> [EXCERPTED RECORDS]
+ + +

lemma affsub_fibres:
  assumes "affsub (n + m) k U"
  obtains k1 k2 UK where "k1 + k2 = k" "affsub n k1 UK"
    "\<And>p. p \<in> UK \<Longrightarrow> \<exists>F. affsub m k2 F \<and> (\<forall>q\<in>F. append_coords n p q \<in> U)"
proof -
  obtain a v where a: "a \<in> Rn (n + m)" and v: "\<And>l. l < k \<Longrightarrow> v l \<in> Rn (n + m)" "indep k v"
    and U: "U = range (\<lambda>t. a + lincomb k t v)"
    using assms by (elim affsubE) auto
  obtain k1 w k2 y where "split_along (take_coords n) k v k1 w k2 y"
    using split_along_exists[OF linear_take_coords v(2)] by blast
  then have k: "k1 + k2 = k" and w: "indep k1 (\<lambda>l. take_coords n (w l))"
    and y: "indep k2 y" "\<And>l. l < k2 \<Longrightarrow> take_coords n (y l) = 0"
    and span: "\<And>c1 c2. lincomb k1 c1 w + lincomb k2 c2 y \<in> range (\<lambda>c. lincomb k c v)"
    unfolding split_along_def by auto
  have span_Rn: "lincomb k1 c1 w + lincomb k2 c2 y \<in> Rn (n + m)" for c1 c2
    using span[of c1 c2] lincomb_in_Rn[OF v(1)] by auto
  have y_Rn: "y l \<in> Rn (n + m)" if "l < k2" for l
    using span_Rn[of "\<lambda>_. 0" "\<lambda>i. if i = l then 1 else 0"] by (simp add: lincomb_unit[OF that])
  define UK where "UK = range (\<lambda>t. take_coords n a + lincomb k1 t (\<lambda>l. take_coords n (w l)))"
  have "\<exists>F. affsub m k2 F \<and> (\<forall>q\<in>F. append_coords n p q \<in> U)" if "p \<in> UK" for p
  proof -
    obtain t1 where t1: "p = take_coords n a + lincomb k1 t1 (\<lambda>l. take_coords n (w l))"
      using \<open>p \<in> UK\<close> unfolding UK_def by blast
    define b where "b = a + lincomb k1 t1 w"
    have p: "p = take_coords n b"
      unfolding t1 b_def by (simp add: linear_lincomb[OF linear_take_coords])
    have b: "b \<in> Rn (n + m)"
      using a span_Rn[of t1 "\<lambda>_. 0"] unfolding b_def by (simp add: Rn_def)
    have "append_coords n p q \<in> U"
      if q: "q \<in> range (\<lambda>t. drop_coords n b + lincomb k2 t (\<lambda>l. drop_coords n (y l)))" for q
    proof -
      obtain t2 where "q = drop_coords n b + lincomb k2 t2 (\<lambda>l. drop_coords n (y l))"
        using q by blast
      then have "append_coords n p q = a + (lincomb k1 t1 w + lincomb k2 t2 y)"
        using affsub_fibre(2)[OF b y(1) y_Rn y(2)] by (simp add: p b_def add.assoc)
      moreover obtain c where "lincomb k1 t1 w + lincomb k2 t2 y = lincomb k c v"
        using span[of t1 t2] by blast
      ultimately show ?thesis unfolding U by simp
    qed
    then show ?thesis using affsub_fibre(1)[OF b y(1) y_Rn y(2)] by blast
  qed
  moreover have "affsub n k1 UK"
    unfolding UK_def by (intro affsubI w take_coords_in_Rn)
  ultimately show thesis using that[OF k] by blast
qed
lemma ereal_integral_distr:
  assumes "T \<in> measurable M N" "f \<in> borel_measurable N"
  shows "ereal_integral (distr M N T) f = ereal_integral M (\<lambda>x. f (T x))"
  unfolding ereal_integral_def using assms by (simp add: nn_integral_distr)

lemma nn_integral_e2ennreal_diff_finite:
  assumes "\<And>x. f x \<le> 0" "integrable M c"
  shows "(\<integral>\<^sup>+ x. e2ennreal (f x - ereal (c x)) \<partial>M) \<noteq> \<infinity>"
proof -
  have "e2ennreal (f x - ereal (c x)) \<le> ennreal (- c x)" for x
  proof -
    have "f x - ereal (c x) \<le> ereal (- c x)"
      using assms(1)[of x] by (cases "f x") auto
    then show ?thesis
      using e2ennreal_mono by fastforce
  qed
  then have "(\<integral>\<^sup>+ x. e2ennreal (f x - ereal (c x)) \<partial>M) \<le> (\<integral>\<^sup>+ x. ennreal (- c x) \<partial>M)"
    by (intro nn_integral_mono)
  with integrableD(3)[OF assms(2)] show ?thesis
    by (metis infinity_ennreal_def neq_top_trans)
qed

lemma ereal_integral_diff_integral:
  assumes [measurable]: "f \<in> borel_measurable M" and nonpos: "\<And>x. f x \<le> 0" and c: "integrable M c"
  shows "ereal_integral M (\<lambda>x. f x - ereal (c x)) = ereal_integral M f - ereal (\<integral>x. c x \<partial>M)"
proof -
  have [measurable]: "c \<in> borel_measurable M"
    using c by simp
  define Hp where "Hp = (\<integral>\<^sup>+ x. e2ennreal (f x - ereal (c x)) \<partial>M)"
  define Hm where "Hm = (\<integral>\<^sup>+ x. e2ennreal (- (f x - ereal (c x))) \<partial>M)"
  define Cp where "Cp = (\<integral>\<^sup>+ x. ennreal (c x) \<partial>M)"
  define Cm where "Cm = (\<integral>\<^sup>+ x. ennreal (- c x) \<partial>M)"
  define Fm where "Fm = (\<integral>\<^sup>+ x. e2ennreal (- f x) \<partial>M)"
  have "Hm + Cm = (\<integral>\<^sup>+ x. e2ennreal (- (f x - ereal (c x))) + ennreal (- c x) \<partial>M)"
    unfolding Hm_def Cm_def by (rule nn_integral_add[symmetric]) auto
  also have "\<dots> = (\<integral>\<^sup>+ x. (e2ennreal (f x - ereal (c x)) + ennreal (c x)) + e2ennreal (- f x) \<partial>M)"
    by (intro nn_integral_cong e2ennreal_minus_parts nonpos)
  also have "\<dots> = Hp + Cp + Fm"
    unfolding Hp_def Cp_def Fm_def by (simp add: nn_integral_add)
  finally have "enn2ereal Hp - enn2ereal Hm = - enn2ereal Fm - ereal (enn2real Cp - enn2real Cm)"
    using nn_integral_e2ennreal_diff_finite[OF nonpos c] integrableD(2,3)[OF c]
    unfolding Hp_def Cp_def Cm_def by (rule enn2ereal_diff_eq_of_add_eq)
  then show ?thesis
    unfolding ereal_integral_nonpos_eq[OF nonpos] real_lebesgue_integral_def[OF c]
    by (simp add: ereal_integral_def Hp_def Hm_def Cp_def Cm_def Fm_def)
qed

+ + +

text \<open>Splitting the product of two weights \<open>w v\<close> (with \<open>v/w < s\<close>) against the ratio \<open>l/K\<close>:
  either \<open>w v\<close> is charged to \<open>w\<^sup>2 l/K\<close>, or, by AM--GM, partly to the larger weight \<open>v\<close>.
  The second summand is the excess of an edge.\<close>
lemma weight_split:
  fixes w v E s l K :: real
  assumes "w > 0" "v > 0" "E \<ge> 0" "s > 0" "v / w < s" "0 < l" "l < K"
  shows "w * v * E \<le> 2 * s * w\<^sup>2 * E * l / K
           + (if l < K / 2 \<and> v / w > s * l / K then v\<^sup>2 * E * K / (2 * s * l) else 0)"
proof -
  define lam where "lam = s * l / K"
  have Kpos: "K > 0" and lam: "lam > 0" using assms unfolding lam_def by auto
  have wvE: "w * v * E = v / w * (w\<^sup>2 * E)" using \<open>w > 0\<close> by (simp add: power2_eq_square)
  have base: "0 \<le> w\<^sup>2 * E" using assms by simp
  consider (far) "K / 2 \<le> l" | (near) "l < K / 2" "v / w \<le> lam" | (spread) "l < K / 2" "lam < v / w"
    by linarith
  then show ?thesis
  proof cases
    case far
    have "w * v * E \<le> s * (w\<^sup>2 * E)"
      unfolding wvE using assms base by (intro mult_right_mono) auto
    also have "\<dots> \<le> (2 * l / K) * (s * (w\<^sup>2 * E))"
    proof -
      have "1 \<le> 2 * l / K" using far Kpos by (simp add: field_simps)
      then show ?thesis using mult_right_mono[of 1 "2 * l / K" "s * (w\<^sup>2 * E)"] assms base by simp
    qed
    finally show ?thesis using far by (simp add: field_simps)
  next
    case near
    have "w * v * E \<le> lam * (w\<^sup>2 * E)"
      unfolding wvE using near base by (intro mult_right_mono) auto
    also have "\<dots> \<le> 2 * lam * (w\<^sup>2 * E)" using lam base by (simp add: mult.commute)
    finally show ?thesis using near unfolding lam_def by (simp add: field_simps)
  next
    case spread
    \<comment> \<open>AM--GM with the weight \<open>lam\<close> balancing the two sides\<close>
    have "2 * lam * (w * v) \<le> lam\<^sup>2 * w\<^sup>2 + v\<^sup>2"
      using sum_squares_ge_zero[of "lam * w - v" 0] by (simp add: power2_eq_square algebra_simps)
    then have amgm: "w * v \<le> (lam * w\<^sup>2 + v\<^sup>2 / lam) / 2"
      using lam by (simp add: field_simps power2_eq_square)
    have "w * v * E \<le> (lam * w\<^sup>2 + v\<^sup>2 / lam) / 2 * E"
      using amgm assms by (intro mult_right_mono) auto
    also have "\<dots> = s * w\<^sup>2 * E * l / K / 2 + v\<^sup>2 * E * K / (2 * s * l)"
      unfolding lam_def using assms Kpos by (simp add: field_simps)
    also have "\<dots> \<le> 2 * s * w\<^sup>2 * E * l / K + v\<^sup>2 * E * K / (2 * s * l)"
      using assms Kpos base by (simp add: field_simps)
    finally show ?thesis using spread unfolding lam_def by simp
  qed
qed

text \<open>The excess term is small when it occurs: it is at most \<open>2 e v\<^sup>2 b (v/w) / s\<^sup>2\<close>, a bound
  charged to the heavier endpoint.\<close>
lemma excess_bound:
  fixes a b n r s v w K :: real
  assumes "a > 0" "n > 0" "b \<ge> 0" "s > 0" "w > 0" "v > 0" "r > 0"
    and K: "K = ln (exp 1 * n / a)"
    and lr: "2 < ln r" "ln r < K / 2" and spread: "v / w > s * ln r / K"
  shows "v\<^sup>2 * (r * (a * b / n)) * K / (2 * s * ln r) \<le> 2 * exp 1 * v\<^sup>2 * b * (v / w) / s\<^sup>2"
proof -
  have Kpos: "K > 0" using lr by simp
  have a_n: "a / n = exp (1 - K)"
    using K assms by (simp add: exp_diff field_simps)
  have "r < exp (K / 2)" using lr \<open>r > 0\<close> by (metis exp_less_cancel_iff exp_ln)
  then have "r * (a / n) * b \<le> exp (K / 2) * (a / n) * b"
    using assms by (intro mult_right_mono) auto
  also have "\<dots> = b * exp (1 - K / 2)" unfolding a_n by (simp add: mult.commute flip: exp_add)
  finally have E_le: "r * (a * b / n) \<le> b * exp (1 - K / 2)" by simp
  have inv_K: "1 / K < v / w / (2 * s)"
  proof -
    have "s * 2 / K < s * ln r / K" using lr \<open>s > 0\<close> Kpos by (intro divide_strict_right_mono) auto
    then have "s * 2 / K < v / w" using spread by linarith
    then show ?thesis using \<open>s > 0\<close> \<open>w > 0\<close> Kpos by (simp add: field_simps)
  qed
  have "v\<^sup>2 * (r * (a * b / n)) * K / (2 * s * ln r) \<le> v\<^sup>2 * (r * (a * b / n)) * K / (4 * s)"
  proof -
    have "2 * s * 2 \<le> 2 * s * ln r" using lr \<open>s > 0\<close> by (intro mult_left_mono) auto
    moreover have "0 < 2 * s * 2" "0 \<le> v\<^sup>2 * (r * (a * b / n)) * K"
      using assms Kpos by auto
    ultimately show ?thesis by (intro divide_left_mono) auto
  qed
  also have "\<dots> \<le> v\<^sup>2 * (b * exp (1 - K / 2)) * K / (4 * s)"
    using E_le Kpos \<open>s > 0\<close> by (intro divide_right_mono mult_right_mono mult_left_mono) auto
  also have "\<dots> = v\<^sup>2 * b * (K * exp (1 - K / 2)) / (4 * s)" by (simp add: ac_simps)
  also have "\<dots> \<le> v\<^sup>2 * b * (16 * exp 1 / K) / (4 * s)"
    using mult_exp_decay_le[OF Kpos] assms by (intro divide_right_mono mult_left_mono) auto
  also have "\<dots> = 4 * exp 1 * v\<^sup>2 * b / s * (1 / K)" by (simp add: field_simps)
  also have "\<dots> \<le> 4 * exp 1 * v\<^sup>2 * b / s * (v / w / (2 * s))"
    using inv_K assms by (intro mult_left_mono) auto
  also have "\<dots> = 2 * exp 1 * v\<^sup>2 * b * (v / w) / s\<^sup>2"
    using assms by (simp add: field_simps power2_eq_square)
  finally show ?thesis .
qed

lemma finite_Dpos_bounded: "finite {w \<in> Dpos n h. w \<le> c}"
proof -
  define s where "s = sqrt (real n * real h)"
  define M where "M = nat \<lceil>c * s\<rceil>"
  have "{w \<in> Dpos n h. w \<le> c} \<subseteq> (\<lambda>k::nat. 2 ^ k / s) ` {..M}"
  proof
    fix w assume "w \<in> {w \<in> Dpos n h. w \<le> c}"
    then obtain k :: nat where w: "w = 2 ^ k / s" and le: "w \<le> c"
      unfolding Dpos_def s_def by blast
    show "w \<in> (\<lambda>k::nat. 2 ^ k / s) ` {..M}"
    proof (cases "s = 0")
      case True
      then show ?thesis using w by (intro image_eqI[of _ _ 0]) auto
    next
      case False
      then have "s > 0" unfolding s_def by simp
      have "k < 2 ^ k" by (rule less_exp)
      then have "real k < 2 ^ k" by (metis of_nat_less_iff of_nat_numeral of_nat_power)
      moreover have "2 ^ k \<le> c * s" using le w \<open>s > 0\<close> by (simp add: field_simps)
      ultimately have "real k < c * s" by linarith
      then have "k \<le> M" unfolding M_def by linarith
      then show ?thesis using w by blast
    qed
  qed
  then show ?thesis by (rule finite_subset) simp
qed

+ + +

Starting with the line above that holds "b / n) \<le> b" and stopping with the line that holds "using inv_K assms", reproduce each line exactly, omitting all other lines.

> [WRITTEN SOLUTION]
  finally have E_le: "r * (a * b / n) \<le> b * exp (1 - K / 2)" by simp
  have inv_K: "1 / K < v / w / (2 * s)"
  proof -
    have "s * 2 / K < s * ln r / K" using lr \<open>s > 0\<close> Kpos by (intro divide_strict_right_mono) auto
    then have "s * 2 / K < v / w" using spread by linarith
    then show ?thesis using \<open>s > 0\<close> \<open>w > 0\<close> Kpos by (simp add: field_simps)
  qed
  have "v\<^sup>2 * (r * (a * b / n)) * K / (2 * s * ln r) \<le> v\<^sup>2 * (r * (a * b / n)) * K / (4 * s)"
  proof -
    have "2 * s * 2 \<le> 2 * s * ln r" using lr \<open>s > 0\<close> by (intro mult_left_mono) auto
    moreover have "0 < 2 * s * 2" "0 \<le> v\<^sup>2 * (r * (a * b / n)) * K"
      using assms Kpos by auto
    ultimately show ?thesis by (intro divide_left_mono) auto
  qed
  also have "\<dots> \<le> v\<^sup>2 * (b * exp (1 - K / 2)) * K / (4 * s)"
    using E_le Kpos \<open>s > 0\<close> by (intro divide_right_mono mult_right_mono mult_left_mono) auto
  also have "\<dots> = v\<^sup>2 * b * (K * exp (1 - K / 2)) / (4 * s)" by (simp add: ac_simps)
  also have "\<dots> \<le> v\<^sup>2 * b * (16 * exp 1 / K) / (4 * s)"
    using mult_exp_decay_le[OF Kpos] assms by (intro divide_right_mono mult_left_mono) auto
  also have "\<dots> = 4 * exp 1 * v\<^sup>2 * b / s * (1 / K)" by (simp add: field_simps)
  also have "\<dots> \<le> 4 * exp 1 * v\<^sup>2 * b / s * (v / w / (2 * s))"
    using inv_K assms by (intro mult_left_mono) auto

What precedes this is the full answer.